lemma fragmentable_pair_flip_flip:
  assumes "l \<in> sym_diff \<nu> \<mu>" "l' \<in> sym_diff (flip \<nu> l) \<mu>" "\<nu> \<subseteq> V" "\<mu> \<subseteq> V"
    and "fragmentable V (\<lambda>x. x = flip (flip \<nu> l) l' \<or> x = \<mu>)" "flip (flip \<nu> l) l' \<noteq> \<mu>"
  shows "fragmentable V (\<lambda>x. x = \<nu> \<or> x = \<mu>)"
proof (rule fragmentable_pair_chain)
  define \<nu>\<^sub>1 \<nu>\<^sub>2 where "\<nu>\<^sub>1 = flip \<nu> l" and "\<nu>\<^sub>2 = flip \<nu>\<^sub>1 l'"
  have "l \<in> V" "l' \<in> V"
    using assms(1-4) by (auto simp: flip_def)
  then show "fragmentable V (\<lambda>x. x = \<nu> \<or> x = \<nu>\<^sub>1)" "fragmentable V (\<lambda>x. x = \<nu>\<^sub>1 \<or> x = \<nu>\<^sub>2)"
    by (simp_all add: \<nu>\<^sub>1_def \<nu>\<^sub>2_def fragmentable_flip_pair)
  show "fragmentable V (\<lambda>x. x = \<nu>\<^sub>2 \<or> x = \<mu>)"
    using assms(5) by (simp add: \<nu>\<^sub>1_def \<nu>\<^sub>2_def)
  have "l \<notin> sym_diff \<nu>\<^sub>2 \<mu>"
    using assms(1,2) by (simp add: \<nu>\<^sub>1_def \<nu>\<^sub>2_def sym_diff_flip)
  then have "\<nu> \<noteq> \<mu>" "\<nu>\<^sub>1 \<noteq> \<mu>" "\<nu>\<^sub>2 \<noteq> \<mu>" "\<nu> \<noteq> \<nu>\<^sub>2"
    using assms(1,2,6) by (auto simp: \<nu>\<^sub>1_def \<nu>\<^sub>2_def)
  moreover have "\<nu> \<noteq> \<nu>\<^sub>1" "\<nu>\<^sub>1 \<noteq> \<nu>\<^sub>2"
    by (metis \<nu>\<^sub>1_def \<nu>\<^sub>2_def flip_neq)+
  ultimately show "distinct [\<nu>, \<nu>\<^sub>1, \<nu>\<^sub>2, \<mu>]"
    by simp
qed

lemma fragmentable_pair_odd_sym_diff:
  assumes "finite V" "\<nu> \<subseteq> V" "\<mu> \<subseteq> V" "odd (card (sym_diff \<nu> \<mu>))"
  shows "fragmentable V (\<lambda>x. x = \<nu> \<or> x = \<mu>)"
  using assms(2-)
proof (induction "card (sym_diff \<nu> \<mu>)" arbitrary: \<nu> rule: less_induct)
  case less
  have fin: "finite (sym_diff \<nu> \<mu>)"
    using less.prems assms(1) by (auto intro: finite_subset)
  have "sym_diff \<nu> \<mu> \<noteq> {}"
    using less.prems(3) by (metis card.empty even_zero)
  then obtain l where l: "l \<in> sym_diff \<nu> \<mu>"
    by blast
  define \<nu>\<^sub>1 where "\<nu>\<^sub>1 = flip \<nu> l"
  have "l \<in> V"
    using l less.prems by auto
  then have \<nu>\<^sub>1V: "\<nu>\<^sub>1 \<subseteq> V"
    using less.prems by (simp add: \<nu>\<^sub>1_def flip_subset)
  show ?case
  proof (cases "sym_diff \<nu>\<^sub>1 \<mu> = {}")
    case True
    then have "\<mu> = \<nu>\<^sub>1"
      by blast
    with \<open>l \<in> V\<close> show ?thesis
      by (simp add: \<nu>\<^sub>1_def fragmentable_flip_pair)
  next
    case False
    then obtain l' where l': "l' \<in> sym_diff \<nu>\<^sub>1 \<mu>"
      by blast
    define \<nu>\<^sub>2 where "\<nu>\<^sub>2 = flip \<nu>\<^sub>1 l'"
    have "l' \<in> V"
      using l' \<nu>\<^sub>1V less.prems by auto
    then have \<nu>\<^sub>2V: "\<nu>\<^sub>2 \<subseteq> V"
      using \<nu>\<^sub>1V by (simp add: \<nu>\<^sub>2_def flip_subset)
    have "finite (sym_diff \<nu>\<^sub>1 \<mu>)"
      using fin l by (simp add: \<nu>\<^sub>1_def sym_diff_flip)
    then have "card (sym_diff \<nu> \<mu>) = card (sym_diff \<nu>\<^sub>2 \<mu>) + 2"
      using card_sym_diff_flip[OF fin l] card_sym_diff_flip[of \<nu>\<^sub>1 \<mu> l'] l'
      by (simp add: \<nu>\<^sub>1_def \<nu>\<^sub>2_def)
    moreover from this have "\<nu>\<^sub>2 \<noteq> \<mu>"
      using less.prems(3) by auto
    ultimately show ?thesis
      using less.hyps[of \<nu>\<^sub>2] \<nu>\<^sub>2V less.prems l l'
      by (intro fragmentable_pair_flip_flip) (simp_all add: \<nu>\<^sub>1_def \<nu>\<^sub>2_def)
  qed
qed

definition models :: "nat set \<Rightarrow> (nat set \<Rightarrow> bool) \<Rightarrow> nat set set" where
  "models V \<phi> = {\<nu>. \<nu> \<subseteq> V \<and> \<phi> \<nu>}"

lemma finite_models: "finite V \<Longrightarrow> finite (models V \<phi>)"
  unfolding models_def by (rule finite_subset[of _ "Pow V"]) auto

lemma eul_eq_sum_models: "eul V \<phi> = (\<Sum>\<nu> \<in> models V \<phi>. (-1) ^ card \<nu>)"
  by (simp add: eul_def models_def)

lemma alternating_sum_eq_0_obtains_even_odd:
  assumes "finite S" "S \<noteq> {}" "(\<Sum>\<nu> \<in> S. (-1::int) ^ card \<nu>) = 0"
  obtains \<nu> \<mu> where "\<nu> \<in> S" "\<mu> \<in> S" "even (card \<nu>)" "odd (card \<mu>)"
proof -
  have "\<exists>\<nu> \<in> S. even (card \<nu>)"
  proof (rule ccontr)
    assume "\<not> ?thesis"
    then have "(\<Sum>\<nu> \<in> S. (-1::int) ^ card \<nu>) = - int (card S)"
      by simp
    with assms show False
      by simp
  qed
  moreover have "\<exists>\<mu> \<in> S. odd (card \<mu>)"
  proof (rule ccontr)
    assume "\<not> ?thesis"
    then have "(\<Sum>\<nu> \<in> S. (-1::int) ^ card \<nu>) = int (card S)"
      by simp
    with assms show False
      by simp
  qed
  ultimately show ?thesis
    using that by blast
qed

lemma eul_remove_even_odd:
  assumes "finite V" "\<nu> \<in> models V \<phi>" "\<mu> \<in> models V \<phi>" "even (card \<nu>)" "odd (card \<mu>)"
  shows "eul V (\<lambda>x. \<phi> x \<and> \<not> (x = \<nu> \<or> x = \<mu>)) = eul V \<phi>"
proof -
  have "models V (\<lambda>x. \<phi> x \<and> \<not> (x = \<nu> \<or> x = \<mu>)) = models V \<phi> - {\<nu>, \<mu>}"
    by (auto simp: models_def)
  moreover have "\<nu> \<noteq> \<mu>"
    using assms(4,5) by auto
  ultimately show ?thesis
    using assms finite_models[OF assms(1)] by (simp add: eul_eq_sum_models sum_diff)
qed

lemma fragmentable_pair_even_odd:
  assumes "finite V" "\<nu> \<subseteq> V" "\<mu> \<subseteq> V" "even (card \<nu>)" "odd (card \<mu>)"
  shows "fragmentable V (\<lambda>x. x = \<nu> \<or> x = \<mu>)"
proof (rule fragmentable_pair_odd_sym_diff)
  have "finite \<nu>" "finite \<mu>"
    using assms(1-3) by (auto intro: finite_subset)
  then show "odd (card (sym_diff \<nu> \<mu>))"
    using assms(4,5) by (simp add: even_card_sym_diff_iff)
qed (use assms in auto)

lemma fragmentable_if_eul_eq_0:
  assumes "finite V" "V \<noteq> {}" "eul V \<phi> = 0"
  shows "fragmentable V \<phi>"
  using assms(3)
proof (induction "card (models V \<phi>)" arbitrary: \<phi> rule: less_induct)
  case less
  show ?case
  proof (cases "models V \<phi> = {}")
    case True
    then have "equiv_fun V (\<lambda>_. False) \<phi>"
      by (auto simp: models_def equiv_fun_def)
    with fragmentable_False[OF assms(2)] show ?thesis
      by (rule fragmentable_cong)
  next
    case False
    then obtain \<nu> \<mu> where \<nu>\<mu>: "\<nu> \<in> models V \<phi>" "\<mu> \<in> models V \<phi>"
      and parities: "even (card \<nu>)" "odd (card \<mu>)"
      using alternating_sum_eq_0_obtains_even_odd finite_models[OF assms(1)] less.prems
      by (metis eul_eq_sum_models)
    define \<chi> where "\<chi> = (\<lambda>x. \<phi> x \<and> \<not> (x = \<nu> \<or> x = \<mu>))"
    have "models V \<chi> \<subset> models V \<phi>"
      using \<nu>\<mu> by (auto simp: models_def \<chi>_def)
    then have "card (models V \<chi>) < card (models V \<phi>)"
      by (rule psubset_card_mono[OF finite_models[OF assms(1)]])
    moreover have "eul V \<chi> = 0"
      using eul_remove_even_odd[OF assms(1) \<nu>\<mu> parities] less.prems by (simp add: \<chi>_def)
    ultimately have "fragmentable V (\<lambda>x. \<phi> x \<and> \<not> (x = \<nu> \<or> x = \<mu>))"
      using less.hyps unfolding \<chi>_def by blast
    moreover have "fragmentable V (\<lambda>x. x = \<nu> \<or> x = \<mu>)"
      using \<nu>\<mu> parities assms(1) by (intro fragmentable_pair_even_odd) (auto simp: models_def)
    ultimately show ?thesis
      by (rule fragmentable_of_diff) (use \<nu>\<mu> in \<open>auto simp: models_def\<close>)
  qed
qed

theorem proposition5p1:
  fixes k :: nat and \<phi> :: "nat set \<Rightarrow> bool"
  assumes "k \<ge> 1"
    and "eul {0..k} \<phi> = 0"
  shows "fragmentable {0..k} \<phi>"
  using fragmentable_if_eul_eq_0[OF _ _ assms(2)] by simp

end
····················
Working from the material above, retype exactly the lines from the one with "by (simp_all add: \<nu>\<^sub>1_def" through the one with "using assms(1,2) by", both included, and only those lines.

OUTPUT OF THE TASK:
    by (simp_all add: \<nu>\<^sub>1_def \<nu>\<^sub>2_def fragmentable_flip_pair)
  show "fragmentable V (\<lambda>x. x = \<nu>\<^sub>2 \<or> x = \<mu>)"
    using assms(5) by (simp add: \<nu>\<^sub>1_def \<nu>\<^sub>2_def)
  have "l \<notin> sym_diff \<nu>\<^sub>2 \<mu>"
    using assms(1,2) by (simp add: \<nu>\<^sub>1_def \<nu>\<^sub>2_def sym_diff_flip)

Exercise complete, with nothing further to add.